• **DESCRIPTION OF THE TASK**
Search the records below for the word "function". Copy each line where it occurs.

• **DATA RECORDS**
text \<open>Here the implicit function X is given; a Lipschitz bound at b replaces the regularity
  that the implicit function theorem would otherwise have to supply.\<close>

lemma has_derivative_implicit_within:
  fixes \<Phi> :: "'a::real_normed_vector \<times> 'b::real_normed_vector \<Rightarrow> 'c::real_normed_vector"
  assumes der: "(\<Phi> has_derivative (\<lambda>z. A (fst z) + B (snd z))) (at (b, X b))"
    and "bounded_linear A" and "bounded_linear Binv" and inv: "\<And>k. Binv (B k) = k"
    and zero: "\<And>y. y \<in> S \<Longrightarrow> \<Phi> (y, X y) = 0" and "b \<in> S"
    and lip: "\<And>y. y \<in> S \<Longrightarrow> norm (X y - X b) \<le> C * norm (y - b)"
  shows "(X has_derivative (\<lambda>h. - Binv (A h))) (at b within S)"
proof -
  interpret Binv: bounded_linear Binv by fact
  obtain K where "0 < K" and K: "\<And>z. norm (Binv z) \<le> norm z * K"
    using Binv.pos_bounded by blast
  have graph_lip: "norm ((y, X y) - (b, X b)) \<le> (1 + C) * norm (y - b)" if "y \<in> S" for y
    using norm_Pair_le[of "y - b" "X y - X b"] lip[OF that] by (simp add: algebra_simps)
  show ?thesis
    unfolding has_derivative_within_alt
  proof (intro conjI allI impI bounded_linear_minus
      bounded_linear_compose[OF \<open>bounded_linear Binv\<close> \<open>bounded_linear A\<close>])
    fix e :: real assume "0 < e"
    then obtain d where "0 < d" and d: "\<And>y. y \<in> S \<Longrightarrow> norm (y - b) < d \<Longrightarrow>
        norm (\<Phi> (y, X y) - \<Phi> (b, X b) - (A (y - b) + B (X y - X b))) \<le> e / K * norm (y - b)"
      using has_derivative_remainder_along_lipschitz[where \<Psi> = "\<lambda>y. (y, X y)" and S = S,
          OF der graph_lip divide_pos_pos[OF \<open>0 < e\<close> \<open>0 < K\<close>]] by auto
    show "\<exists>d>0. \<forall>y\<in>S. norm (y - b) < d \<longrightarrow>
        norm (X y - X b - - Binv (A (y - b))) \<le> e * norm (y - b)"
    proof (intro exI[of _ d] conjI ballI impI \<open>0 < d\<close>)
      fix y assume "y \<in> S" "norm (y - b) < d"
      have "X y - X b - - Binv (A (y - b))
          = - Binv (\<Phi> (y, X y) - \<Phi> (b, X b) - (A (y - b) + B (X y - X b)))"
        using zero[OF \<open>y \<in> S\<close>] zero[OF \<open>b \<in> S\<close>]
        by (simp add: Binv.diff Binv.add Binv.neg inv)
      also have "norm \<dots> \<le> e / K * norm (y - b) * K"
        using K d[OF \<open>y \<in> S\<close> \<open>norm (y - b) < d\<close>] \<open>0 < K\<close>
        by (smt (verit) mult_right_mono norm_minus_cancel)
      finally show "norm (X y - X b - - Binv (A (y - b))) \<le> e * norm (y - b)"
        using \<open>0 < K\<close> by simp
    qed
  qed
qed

* * *

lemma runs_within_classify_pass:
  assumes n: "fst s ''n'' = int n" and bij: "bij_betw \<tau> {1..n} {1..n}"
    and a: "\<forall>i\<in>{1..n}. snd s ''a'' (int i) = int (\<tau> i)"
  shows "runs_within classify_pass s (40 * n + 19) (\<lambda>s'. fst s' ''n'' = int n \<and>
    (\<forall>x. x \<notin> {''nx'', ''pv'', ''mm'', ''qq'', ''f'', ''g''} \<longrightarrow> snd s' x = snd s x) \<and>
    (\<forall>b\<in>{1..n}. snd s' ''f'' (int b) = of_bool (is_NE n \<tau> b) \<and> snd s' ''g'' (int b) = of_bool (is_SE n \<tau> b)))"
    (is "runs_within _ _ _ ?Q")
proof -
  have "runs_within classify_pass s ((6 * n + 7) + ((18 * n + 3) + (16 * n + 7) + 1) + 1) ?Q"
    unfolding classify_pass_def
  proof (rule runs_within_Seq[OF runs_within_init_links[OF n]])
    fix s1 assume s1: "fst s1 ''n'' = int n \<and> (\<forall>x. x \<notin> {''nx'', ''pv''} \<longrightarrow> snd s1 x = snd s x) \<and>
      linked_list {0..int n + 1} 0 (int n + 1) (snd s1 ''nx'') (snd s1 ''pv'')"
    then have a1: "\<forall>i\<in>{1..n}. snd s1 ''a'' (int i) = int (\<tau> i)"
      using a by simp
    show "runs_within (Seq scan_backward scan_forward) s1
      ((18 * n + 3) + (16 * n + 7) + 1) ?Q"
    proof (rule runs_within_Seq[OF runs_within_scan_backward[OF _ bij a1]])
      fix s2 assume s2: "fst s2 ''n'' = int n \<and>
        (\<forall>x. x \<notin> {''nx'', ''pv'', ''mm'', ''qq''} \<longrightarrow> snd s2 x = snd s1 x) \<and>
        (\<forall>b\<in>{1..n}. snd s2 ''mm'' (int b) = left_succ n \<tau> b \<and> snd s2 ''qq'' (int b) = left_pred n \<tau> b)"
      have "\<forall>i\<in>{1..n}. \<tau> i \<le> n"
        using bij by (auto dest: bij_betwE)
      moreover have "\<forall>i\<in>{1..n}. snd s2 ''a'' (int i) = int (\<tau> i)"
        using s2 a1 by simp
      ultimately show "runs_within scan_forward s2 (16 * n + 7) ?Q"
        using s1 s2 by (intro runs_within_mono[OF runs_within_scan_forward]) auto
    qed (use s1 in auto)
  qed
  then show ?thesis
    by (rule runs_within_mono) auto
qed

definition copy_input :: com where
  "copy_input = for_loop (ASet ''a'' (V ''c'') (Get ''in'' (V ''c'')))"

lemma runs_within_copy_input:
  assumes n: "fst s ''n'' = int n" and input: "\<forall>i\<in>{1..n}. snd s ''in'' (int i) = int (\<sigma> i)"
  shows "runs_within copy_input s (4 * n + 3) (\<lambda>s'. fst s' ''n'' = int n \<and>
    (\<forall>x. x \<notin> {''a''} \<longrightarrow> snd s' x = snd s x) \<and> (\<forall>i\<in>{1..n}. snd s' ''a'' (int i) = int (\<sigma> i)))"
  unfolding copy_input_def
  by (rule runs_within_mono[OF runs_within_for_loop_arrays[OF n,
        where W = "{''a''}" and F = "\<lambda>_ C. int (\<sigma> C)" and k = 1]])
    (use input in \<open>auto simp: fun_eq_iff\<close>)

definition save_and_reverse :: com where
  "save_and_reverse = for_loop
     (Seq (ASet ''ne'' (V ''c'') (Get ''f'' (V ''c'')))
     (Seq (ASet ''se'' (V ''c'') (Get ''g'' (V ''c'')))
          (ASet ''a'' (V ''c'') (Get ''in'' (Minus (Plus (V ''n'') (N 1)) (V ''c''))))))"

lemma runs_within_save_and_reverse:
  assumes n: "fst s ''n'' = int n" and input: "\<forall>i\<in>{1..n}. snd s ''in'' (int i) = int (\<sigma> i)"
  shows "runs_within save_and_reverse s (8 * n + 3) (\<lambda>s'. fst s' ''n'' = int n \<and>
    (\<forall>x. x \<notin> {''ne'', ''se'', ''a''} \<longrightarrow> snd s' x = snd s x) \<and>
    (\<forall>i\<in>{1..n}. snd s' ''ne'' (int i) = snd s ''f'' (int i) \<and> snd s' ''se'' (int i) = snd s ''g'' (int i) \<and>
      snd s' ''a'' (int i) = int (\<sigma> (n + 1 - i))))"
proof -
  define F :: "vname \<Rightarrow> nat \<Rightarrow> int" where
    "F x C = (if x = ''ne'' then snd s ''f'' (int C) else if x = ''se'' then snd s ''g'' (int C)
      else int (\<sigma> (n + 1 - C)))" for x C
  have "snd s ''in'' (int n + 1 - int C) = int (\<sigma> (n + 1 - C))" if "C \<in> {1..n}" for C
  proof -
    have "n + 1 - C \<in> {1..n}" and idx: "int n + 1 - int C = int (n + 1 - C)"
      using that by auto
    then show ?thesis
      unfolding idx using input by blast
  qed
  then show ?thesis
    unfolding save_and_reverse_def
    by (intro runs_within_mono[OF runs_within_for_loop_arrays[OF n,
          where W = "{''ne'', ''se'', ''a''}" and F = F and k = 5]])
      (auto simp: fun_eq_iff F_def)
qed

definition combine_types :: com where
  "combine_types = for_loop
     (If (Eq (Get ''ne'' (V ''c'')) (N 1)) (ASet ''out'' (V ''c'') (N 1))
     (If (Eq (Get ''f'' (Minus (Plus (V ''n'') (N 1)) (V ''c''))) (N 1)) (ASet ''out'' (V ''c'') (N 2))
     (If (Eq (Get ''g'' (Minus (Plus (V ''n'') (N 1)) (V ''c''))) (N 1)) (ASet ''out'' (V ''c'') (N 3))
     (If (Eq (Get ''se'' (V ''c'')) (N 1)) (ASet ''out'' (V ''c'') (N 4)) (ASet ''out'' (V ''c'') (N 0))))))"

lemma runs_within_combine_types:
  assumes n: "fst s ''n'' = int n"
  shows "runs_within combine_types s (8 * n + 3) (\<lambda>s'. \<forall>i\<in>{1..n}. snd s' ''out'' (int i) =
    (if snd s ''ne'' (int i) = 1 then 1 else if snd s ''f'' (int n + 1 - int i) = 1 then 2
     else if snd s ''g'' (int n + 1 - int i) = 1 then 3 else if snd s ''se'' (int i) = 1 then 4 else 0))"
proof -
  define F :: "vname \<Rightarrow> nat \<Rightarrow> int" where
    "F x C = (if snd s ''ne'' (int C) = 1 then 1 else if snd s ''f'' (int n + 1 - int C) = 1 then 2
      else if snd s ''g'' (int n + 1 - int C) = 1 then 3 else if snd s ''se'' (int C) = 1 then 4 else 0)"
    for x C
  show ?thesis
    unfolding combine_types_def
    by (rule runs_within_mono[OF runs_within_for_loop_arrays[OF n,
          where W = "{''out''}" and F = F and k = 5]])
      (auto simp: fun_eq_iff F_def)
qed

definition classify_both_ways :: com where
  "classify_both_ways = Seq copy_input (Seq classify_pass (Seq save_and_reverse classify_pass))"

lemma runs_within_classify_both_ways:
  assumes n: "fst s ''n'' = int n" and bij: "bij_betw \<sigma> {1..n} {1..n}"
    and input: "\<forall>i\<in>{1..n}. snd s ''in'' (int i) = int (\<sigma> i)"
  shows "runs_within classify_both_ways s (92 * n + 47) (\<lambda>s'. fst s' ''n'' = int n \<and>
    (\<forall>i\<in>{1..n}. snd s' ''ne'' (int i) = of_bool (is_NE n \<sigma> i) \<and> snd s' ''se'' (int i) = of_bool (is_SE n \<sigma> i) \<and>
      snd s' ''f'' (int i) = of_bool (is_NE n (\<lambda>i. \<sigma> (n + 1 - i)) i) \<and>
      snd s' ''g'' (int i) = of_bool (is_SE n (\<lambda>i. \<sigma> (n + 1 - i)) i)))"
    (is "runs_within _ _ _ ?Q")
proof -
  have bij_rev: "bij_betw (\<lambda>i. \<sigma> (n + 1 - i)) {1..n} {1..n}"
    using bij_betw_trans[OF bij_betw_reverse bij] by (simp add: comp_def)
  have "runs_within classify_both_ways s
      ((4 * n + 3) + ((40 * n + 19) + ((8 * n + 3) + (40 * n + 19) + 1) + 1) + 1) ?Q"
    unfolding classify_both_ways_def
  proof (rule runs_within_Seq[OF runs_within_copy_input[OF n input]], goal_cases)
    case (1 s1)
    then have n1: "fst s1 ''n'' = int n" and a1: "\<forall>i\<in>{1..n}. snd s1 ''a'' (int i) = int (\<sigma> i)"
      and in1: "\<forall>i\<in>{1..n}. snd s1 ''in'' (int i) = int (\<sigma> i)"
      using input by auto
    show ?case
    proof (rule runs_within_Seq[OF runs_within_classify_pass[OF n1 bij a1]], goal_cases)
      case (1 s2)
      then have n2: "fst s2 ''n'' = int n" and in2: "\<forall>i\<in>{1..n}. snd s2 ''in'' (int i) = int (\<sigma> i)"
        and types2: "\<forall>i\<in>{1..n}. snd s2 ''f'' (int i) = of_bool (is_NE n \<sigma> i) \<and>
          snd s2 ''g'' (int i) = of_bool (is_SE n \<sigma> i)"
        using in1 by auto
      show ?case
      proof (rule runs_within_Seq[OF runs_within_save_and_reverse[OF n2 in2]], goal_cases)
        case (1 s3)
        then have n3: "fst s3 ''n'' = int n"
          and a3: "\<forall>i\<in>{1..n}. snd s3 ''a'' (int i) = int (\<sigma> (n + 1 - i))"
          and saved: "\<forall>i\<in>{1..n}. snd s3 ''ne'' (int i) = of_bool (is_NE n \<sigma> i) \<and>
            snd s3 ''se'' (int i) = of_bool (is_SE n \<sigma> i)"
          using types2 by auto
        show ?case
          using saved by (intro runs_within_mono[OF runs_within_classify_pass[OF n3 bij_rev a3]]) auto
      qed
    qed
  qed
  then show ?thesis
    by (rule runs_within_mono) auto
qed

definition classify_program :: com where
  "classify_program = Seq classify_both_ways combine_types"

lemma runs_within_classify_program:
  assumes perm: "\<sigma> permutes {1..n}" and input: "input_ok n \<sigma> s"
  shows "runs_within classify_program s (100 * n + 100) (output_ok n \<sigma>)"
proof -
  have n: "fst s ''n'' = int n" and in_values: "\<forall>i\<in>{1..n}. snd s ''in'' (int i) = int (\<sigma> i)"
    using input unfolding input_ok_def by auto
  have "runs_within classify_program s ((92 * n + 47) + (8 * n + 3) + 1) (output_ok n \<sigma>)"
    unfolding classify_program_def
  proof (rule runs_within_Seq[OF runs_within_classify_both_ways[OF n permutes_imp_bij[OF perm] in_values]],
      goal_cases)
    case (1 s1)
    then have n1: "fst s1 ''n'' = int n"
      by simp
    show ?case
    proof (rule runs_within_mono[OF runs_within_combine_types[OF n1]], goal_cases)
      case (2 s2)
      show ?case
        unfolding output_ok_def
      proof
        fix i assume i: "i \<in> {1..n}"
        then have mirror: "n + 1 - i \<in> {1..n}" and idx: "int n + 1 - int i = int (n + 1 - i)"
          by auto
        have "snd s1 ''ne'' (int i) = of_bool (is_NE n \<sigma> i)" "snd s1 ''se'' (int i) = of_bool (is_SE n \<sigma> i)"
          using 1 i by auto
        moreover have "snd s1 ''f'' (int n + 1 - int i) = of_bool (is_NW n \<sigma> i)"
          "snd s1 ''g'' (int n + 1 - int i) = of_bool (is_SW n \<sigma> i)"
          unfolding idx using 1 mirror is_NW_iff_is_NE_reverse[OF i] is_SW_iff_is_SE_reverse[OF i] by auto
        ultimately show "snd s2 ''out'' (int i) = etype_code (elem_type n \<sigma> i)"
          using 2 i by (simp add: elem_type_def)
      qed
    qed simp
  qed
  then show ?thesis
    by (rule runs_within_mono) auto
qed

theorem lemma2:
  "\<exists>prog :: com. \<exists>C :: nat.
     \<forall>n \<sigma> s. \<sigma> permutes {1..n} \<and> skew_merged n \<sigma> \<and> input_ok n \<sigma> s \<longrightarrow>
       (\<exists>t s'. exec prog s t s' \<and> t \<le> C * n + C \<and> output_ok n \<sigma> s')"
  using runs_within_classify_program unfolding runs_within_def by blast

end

• **SOLUTION TO THIS EXERCISE**
text \<open>Here the implicit function X is given; a Lipschitz bound at b replaces the regularity
  that the implicit function theorem would otherwise have to supply.\<close>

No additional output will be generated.